Of course, each robot makes many requests in addition to the /robots.txt request, and you need to delete all of them if you are interested only in human visitors. To get rid of all rows associated with the robots you might try to DELETE with a subquery. Most engines will accept this, but MySQL will not:

mysql> DELETE FROM access_log
 -> WHERE ip IN (SELECT ip
 -> FROM access_log
 -> WHERE page='/robots.txt');
ERROR 1093 (HY000): You can't specify target table 'access_log' for update in FROM clause

For MySQL, you can first mark the robots by setting the agnt field to robot, and then in a separate statement you can delete them:

mysql> UPDATE access_log x JOIN access_log y ON x.ip=y.ip
 -> SET x.agnt = 'robot'
 -> WHERE y.page='/robots.txt';
Query OK, 44039 rows affected (8.99 sec)
Rows matched: 670233 Changed: 44039 Warnings: 0
mysql> DELETE FROM access_log WHERE agnt='robot';
Query OK, 44039 rows affected (36.31 sec)

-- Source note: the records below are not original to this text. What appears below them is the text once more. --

lemma bridge_op4_commute:
  assumes "is_mat k Z" and "A \<in> {E_mat k, F_mat k, H_mat k}"
  shows "bridge_op4 k (mmult k Z A) - bridge_op4 k (mmult k A Z)
    = mmult k (bridge_op4 k Z) A - mmult k A (bridge_op4 k Z)"
proof -
  define P where "P g = lc_bridge_op4 (lc_rmult lc_Z [g]) @ lc_scale (-1) (lc_bridge_op4 (lc_lmult [g] lc_Z))" for g
  define Q where "Q g = lc_rmult (lc_bridge_op4 lc_Z) [g] @ lc_scale (-1) (lc_lmult [g] (lc_bridge_op4 lc_Z))" for g
  have "list_all (\<lambda>g. collect (normal_lc 40 (P g @ lc_scale (-1) (Q g))) = []) [LE, LF, LH]"
    unfolding P_def Q_def by code_simp
  then have "eval_lc k Z (P g) = eval_lc k Z (Q g)" if "g \<in> {LE, LF, LH}" for g
    using that by (auto intro: eval_lc_eqI[of 40])
  from this[of LE] this[of LF] this[of LH] assms show ?thesis
    by (auto simp: P_def Q_def mmult_mone_right)
qed

lemma bridge_op4_shift_identity:
  assumes "is_mat k Z" and "A \<in> {E_mat k, F_mat k, H_mat k}"
  shows "bridge_op4 k (bridge_op4 k (mmult k Z A)) + mscale (-2) (bridge_op4 k (mmult k (bridge_op4 k Z) A))
      + mmult k (bridge_op4 k (bridge_op4 k Z)) A
    = mscale 4 (mmult k (casimir4_mat k) (mmult k Z A)) + mscale 4 (mmult k (mmult k A Z) (casimir4_mat k))
      + mscale (-4) (bridge_op4 k (mmult k A Z)) + mscale (-4) (mmult k (bridge_op4 k Z) A)"
proof -
  define P where "P g = lc_bridge_op4 (lc_bridge_op4 (lc_rmult lc_Z [g]))
    @ lc_scale (-2) (lc_bridge_op4 (lc_rmult (lc_bridge_op4 lc_Z) [g])) @ lc_rmult (lc_bridge_op4 (lc_bridge_op4 lc_Z)) [g]"
    for g
  define Q where "Q g = lc_scale 4 (lc_mult lc_casimir4 (lc_rmult lc_Z [g])) @ lc_scale 4 (lc_mult (lc_lmult [g] lc_Z) lc_casimir4)
    @ lc_scale (-4) (lc_bridge_op4 (lc_lmult [g] lc_Z)) @ lc_scale (-4) (lc_rmult (lc_bridge_op4 lc_Z) [g])"
    for g
  have "list_all (\<lambda>g. collect (normal_lc 40 (P g @ lc_scale (-1) (Q g))) = []) [LE, LF, LH]"
    unfolding P_def Q_def by code_simp
  then have "eval_lc k Z (P g) = eval_lc k Z (Q g)" if "g \<in> {LE, LF, LH}" for g
    using that by (auto intro: eval_lc_eqI[of 40])
  from this[of LE] this[of LF] this[of LH] assms show ?thesis
    by (auto simp: P_def Q_def add.assoc mmult_mone_right)
qed

text \<open>The left-hand sides below are \<open>4 \<cdot> transfer k T Z\<close> (see \<open>transfer_eq\<close>) for \<open>T\<close> the
  identity, \<open>4 \<Omega>\<close> and \<open>16 \<Omega>\<^sup>2\<close>.\<close>

lemma transfer4_id_identity:
  assumes "is_mat k Z"
  shows "mscale 2 (mmult k (mmult k Z (E_mat k)) (F_mat k)) + mscale 2 (mmult k (mmult k Z (F_mat k)) (E_mat k))
      + mmult k (mmult k Z (H_mat k)) (H_mat k)
    = mmult k Z (casimir4_mat k)"
proof -
  have "eval_lc k Z (lc_scale 2 (lc_rmult (lc_rmult lc_Z [LE]) [LF]) @ lc_scale 2 (lc_rmult (lc_rmult lc_Z [LF]) [LE])
        @ lc_rmult (lc_rmult lc_Z [LH]) [LH])
      = eval_lc k Z (lc_mult lc_Z lc_casimir4)"
    by (rule eval_lc_eqI[of 40]) code_simp
  then show ?thesis
    using assms by (simp add: add.assoc mmult_mone_right)
qed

6.5.1.1. Check for broken links

You can look through the error numbers for "404" errors. These indicate pages which were requested but could not be found. If the cause is a link from an internal page, you can fix it. If it is an external link pointing to a page you have moved, you can redirect the traffic:

mysql> SELECT LEFT(page,20), refr, COUNT(*)
 -> FROM access_log
 -> WHERE resp BETWEEN 400 AND 499
 -> GROUP BY page
 -> ORDER BY 3 DESC
 -> LIMIT 5;
+----------------------+---------------------------------------+----------+
| LEFT(page,20) | refr | COUNT(*) |
+----------------------+---------------------------------------+----------+
| /_vti_bin/owssvr.dll | - | 70 |
| /MSOffice/cltreq.asp | - | 70 |
| /MSOffice/cltreq.asp | - | 36 |
| /_vti_bin/owssvr.dll | - | 36 |
| /favicon.ico | http://coredump.biz/~mnowak/education | 27 |
+----------------------+---------------------------------------+----------+
5 rows in set (0.78 sec)

Most of these missing pages are attempts by crackers to exploit a Windows server weakness.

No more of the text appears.